However, in the Arctic there are numerous deposits of natural resources that are becoming more accessible every year as a result of climate change. These rich deposits include an estimated 25-30% of the world’s undiscovered natural gas and 15-20% of the world’s undiscovered crude oil reserves. Large deposits of diamonds, rare earths, and other minerals such as palladium, platinum, and zinc are believed to be in the Arctic as well. All eight of the permanent members of the Arctic Council, including the United States, Canada, Russia, and the Scandinavian countries have shown considerable interest in these untapped resources. It is possible that the race to this wealth of natural resources in the Arctic could lead to tension and strained relations in the region.
We have seen this already. In 2007, the Russians planted their flag on the sea floor at the North Pole. Within months, other countries in the region responded by increasing naval patrols in the Arctic and staking out sovereignty claims. It appeared that tensions were really heating up in the region. Since then though, Arctic countries have settled long-standing territorial disputes and other disagreements in a peaceful and orderly manner. So, for now anyway, it looks as if tensions between the nations in the Arctic have calmed down significantly.

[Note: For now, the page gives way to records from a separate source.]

lemma sum_permutations_Suc:
  "(\<Sum>\<sigma>\<in>{\<sigma>. \<sigma> permutes {1..Suc n}}. g \<sigma>)
    = (\<Sum>m=1..Suc n. \<Sum>\<tau>\<in>{\<tau>. \<tau> permutes {1..n}}. g (move_last (Suc n) m \<circ> \<tau>))"
proof -
  have "(\<Sum>\<tau>\<in>{\<tau>. \<tau> permutes {1..n}}. g (transpose (Suc n) m \<circ> \<tau>))
      = (\<Sum>\<tau>\<in>{\<tau>. \<tau> permutes {1..n}}. g (move_last (Suc n) m \<circ> \<tau>))"
    if m: "m \<in> {1..Suc n}" for m
  proof -
    let ?\<alpha> = "transpose (Suc n) m \<circ> move_last (Suc n) m"
    have "?\<alpha> permutes {1..Suc n}"
      using m by (intro permutes_compose move_last_permutes permutes_swap_id) auto
    then have "?\<alpha> permutes {1..n}"
      by (rule permutes_superset) (auto simp: move_last_def)
    then show ?thesis
      by (subst setum_permutations_compose_left[of ?\<alpha>]) (simp_all add: o_assoc)
  qed
  moreover have "{1..Suc n} = insert (Suc n) {1..n}" by auto
  ultimately show ?thesis
    by (simp add: sum_over_permutations_insert move_last_self)
qed

definition signed_perm_sum :: "nat \<Rightarrow> (nat \<Rightarrow> 'a::field) \<Rightarrow> 'a" where
  "signed_perm_sum n b = (\<Sum>\<sigma>\<in>{\<sigma>. \<sigma> permutes {1..n}}.
     of_int (sign \<sigma>) / (\<Prod>k=1..n. \<Sum>i=1..k. b (\<sigma> i)))"

lemma prod_partial_sums_move_last:
  assumes \<tau>: "\<tau> permutes {1..n}" and m: "m \<in> {1..Suc n}"
  shows "(\<Prod>k=1..Suc n. \<Sum>i=1..k. b ((move_last (Suc n) m \<circ> \<tau>) i))
    = (\<Prod>k=1..n. \<Sum>i=1..k. (b \<circ> skip m) (\<tau> i)) * (\<Sum>i=1..Suc n. b i)"
proof -
  have \<sigma>: "move_last (Suc n) m \<circ> \<tau> permutes {1..Suc n}"
    using \<tau> m by (intro permutes_compose move_last_permutes permutes_subset[OF \<tau>]) auto
  have "(\<Sum>i=1..k. b ((move_last (Suc n) m \<circ> \<tau>) i)) = (\<Sum>i=1..k. (b \<circ> skip m) (\<tau> i))"
    if "k \<in> {1..n}" for k
  proof (rule sum.cong[OF refl])
    fix i assume "i \<in> {1..k}"
    then have "\<tau> i \<in> {1..n}" using that permutes_in_image[OF \<tau>] by auto
    then show "b ((move_last (Suc n) m \<circ> \<tau>) i) = (b \<circ> skip m) (\<tau> i)"
      by (simp add: move_last_def)
  qed
  then have "(\<Prod>k=1..n. \<Sum>i=1..k. b ((move_last (Suc n) m \<circ> \<tau>) i))
      = (\<Prod>k=1..n. \<Sum>i=1..k. (b \<circ> skip m) (\<tau> i))"
    by (rule prod.cong[OF refl])
  moreover have "(\<Sum>i=1..Suc n. b ((move_last (Suc n) m \<circ> \<tau>) i)) = (\<Sum>i=1..Suc n. b i)"
    using sum.permute[OF \<sigma>, of b] by (simp add: o_def)
  ultimately show ?thesis
    by (simp only: prod.nat_ivl_Suc'[of 1] le_SucI mult.commute)
qed

lemma signed_perm_sum_Suc:
  fixes b :: "nat \<Rightarrow> 'a::field"
  shows "signed_perm_sum (Suc n) b
    = (\<Sum>m=1..Suc n. (-1) ^ (Suc n - m) * signed_perm_sum n (b \<circ> skip m)) / (\<Sum>i=1..Suc n. b i)"
proof -
  let ?S = "\<Sum>i=1..Suc n. b i"
  have "of_int (sign (move_last (Suc n) m \<circ> \<tau>))
        / (\<Prod>k=1..Suc n. \<Sum>i=1..k. b ((move_last (Suc n) m \<circ> \<tau>) i))
      = (-1) ^ (Suc n - m) * (of_int (sign \<tau>) / (\<Prod>k=1..n. \<Sum>i=1..k. (b \<circ> skip m) (\<tau> i))) / ?S"
    if m: "m \<in> {1..Suc n}" and \<tau>: "\<tau> permutes {1..n}" for m \<tau>
  proof -
    have "permutation \<tau>" "permutation (move_last (Suc n) m)"
      by (rule permutes_imp_permutation[OF _ \<tau>], simp)
        (rule permutes_imp_permutation[OF _ move_last_permutes[OF m]], simp)
    then have "sign (move_last (Suc n) m \<circ> \<tau>) = (-1) ^ (Suc n - m) * sign \<tau>"
      by (simp add: sign_compose sign_move_last[OF m])
    then show ?thesis unfolding prod_partial_sums_move_last[OF \<tau> m]
      by (simp add: of_int_mult)
  qed
  then have "signed_perm_sum (Suc n) b = (\<Sum>m=1..Suc n. \<Sum>\<tau>\<in>{\<tau>. \<tau> permutes {1..n}}.
      (-1) ^ (Suc n - m) * (of_int (sign \<tau>) / (\<Prod>k=1..n. \<Sum>i=1..k. (b \<circ> skip m) (\<tau> i))) / ?S)"
    unfolding signed_perm_sum_def sum_permutations_Suc by (intro sum.cong refl) auto
  also have "\<dots> = (\<Sum>m=1..Suc n. (-1) ^ (Suc n - m) * signed_perm_sum n (b \<circ> skip m) / ?S)"
    unfolding signed_perm_sum_def sum_distrib_left sum_divide_distrib ..
  finally show ?thesis by (simp only: sum_divide_distrib)
qed

lemma signed_perm_sum_eq_closed_form:
  fixes b :: "nat \<Rightarrow> 'a::field_char_0"
  assumes "inj_on b {1..n}" "nonvanishing_subsums n b"
  shows "signed_perm_sum n b = closed_form n b"
  using assms
proof (induction n arbitrary: b)
  case 0
  then show ?case by (simp add: signed_perm_sum_def closed_form_def vandermonde_def pair_sums_prod_def)
next
  case (Suc n)
  have IH_skip: "signed_perm_sum n (b \<circ> skip m) = closed_form n (b \<circ> skip m)"
    if m: "m \<in> {1..Suc n}" for m
  proof (rule Suc.IH)
    have "inj_on (skip m) {1..n}" "skip m ` {1..n} \<subseteq> {1..Suc n}"
      using strict_mono_imp_inj_on[OF strict_mono_skip] skip_image[OF m] by auto
    then show "inj_on (b \<circ> skip m) {1..n}"
      using Suc.prems(1) by (blast intro: comp_inj_on inj_on_subset)
    show "nonvanishing_subsums n (b \<circ> skip m)"
      by (rule nonvanishing_subsums_skip[OF Suc.prems(2) m])
  qed
  have "(\<Sum>i=1..Suc n. b i) \<noteq> 0"
    using Suc.prems(2) unfolding nonvanishing_subsums_def by auto
  moreover have "signed_perm_sum (Suc n) b
      = (\<Sum>m=1..Suc n. (-1) ^ (Suc n - m) * closed_form n (b \<circ> skip m)) / (\<Sum>i=1..Suc n. b i)"
    unfolding signed_perm_sum_Suc
    by (rule arg_cong[where f="\<lambda>x. x / (\<Sum>i=1..Suc n. b i)"], rule sum.cong[OF refl]) (simp add: IH_skip)
  ultimately show ?case unfolding closed_form_Suc[OF Suc.prems] by simp
qed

Another possible point of contention that may prove to be of consequence in the Arctic is that of the Northwest Passage and the Northern Sea Route. With the ice cap in the arctic shrinking, it is soon going to be possible to sail ships through the Northwest Passage, which winds through the Canadian Islands in the Arctic Ocean. As a result of this, will the Canadian government be able to impose their laws on ships sailing through the Northwest Passage? Also, the Northern Sea Route, which hugs the Russian coastline in the Arctic, saw four commercial ships sail through its waters for the first time in 2010. The Russian government has even set up an office in Moscow thats job is to monitor marine weather and issue shipping permits for the Northern Sea Route.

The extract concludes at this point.